Drzewa przy autostradzie, czyli o porządkowaniu wymierności
Z liczbami naturalnymi nie ma kłopotu. Są zdyscyplinowane i uporządkowane. Każda stoi tam, gdzie powinna – za poprzednią, mniejszą o jeden. Można powiedzieć, że ciąg liczb naturalnych przypomina autostradę w budowie – rośnie w jednym miejscu, w jednym kierunku i równomiernie, choć w przeciwieństwie do autostrady – w nieskończoność.
W przypadku liczb wymiernych, czyli ułamków zwykłych a/b, gdzie a i b są liczbami naturalnymi (ograniczymy się do wartości dodatnich), sprawa nie jest już taka prosta. Tworzą one także nieskończony zbiór, ale ustawić je „według wzrostu” nie sposób, bo nieskończoność pojawia się na każdym kroku. Nie wiadomo nawet, jak zacząć, czyli jaki powinien być najmniejszy ułamek w hipotetycznym rosnącym ciągu liczb wymiernych. Jego licznik musiałby być równy 1, a mianownik nieskończenie duży, ale nieskończoność nie jest liczbą.

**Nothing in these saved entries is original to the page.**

text \<open>Induction on the norm of \<open>h\<close>. Let \<open>m = h w0\<close> have maximal absolute value and \<open>s = sgn m\<close>.
  If a neighbour \<open>u\<close> of a vertex \<open>w\<close> with \<open>h w = m\<close> blocks the \<open>s\<close>-toggle at \<open>w\<close>, i.e.
  \<open>f1 u = f1 w + s\<close>, then \<open>h u = m\<close>: by maximality the only alternative is \<open>h u = m - s\<close>,
  which would force \<open>f2 u = f2 w\<close>. So if every vertex labelled \<open>m\<close> were blocked, following
  blocking neighbours would be a walk along which the colour moves by \<open>s\<close> at each step; it
  never backtracks, so in a finite graph it closes a cycle. Hence some vertex labelled \<open>m\<close>
  can be toggled by \<open>s\<close>, and lowering its label by \<open>s\<close> keeps the labeling in \<open>D\<close> and
  decreases the norm by one.\<close>

lemma abs_le_neighbor_cases:
  fixes x y :: int
  assumes "\<bar>x - y\<bar> \<le> 1" and "\<bar>y\<bar> \<le> \<bar>x\<bar>"
  shows "y = x \<or> y = x - sgn x"
  using assms by (cases x "0::int" rule: linorder_cases) (auto simp: sgn_if)

lemma abs_diff_sgn:
  fixes x :: int
  assumes "x \<noteq> 0"
  shows "\<bar>x - sgn x\<bar> = \<bar>x\<bar> - 1"
  using assms by (auto simp: sgn_if)

lemma sgn_diff_sgn:
  fixes x :: int
  assumes "x - sgn x \<noteq> 0"
  shows "sgn (x - sgn x) = sgn x"
  using assms by (auto simp: sgn_if)

lemma norm1_nonneg: "0 \<le> norm1 V h"
  by (simp add: norm1_def sum_nonneg)

lemma norm1_eq_0_iff: "finite V \<Longrightarrow> norm1 V h = 0 \<longleftrightarrow> (\<forall>v\<in>V. h v = 0)"
  by (simp add: norm1_def sum_nonneg_eq_0_iff)

lemma norm1_decrement:
  assumes "finite V" and "w \<in> V" and "h w \<noteq> 0"
  shows "norm1 V h = norm1 V (h(w := h w - sgn (h w))) + 1"
proof -
  have "norm1 V h = \<bar>h w\<bar> + (\<Sum>v\<in>V - {w}. \<bar>h v\<bar>)"
    unfolding norm1_def using sum.remove[OF assms(1,2)] by simp
  moreover have "norm1 V (h(w := h w - sgn (h w))) = \<bar>h w - sgn (h w)\<bar> + (\<Sum>v\<in>V - {w}. \<bar>h v\<bar>)"
    unfolding norm1_def using sum.remove[OF assms(1,2), of "\<lambda>v. \<bar>(h(w := h w - sgn (h w))) v\<bar>"]
    by simp
  ultimately show ?thesis
    using abs_diff_sgn[OF assms(3)] by simp
qed

lemma nonbacktracking_successor_imp_cycle:
  assumes "finite S" and "w0 \<in> S"
    and succ: "\<And>w. w \<in> S \<Longrightarrow> g w \<in> S \<and> (w, g w) \<in> E \<and> g (g w) \<noteq> w"
  shows "\<exists>cs. is_cycle E cs"
proof -
  define sq where "sq i = (g ^^ i) w0" for i
  have sq_in: "sq i \<in> S" for i
    by (induction i) (use assms in \<open>auto simp: sq_def\<close>)
  have sq_Suc: "sq (Suc i) = g (sq i)" for i
    by (simp add: sq_def)
  have "\<not> inj sq"
  proof
    assume "inj sq"
    moreover have "finite (range sq)"
      using sq_in \<open>finite S\<close> by (meson finite_subset image_subsetI)
    ultimately show False
      using finite_imageD by blast
  qed
  then have "\<exists>d. 0 < d \<and> (\<exists>i. sq (i + d) = sq i)"
    unfolding inj_def by (metis less_imp_add_positive linorder_neqE_nat)
  then obtain d i where d: "0 < d" "sq (i + d) = sq i"
    and minimal: "\<And>d' j. 0 < d' \<Longrightarrow> d' < d \<Longrightarrow> sq (j + d') \<noteq> sq j"
    unfolding exists_least_iff[of "\<lambda>d. 0 < d \<and> (\<exists>i. sq (i + d) = sq i)"] by blast
  have "d \<noteq> 1"
    using succ[OF sq_in[of i]] d by (auto simp: sq_Suc)
  moreover have "d \<noteq> 2"
    using succ[OF sq_in[of i]] d by (auto simp: sq_Suc numeral_2_eq_2)
  moreover have "inj_on sq {i..<i + d}"
  proof (rule inj_onI, rule ccontr)
    fix a b assume ab: "a \<in> {i..<i + d}" "b \<in> {i..<i + d}" "sq a = sq b" "a \<noteq> b"
    show False
    proof (cases "a < b")
      case True
      then show ?thesis using minimal[of "b - a" a] ab by simp arith
    next
      case False
      then show ?thesis using minimal[of "a - b" b] ab by simp arith
    qed
  qed
  moreover have "sq i = g (sq (i + d - 1))"
    using d sq_Suc[of "i + d - 1"] by simp
  ultimately have "is_cycle E (map sq [i..<i + d])"
    using d succ[OF sq_in] by (auto simp: is_cycle_def distinct_map last_map hd_map sq_Suc)
  then show ?thesis by blast
qed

Mimo to możliwe jest przedstawienie wszystkich liczb wymiernych w postaci nieskończonego ciągu, choć nie rosnącego albo… rosnącego inaczej. Sprytnie i prosto poradził sobie z tym niemiecki matematyk Georg Cantor w roku 1873, sporządzając tabelę, której wiersze i kolumny oznaczone były kolejnymi liczbami naturalnymi. Przecięcia wierszy (w) i kolumn (k) takiej tabeli odpowiadają ułamkom (w/k), zaś cała jest nieskończenie pojemna i obejmuje wszystkie liczby wymierne, łącznie z kompletem ich kopii, czyli ułamkami skracalnymi. Ciąg powstaje, gdy spisujemy liczby „zygzakiem po skosie” (rys. 1) – wszystkie są jakby zgarniane przez pracujący przy budowie autostrady spychacz z nieskończenie szerokim lemieszem, jadący po przekątnej tabeli. Po pominięciu ułamków skracalnych ciąg przybiera osobliwą postać:
1, 2, 1/2, 1/3, 3, 4, 3/2, 2/3, 1/4, 1/5, 5, 6, 5/2, 4/3, 3/4, 2/5, 1/6, 1/7, 3/5,…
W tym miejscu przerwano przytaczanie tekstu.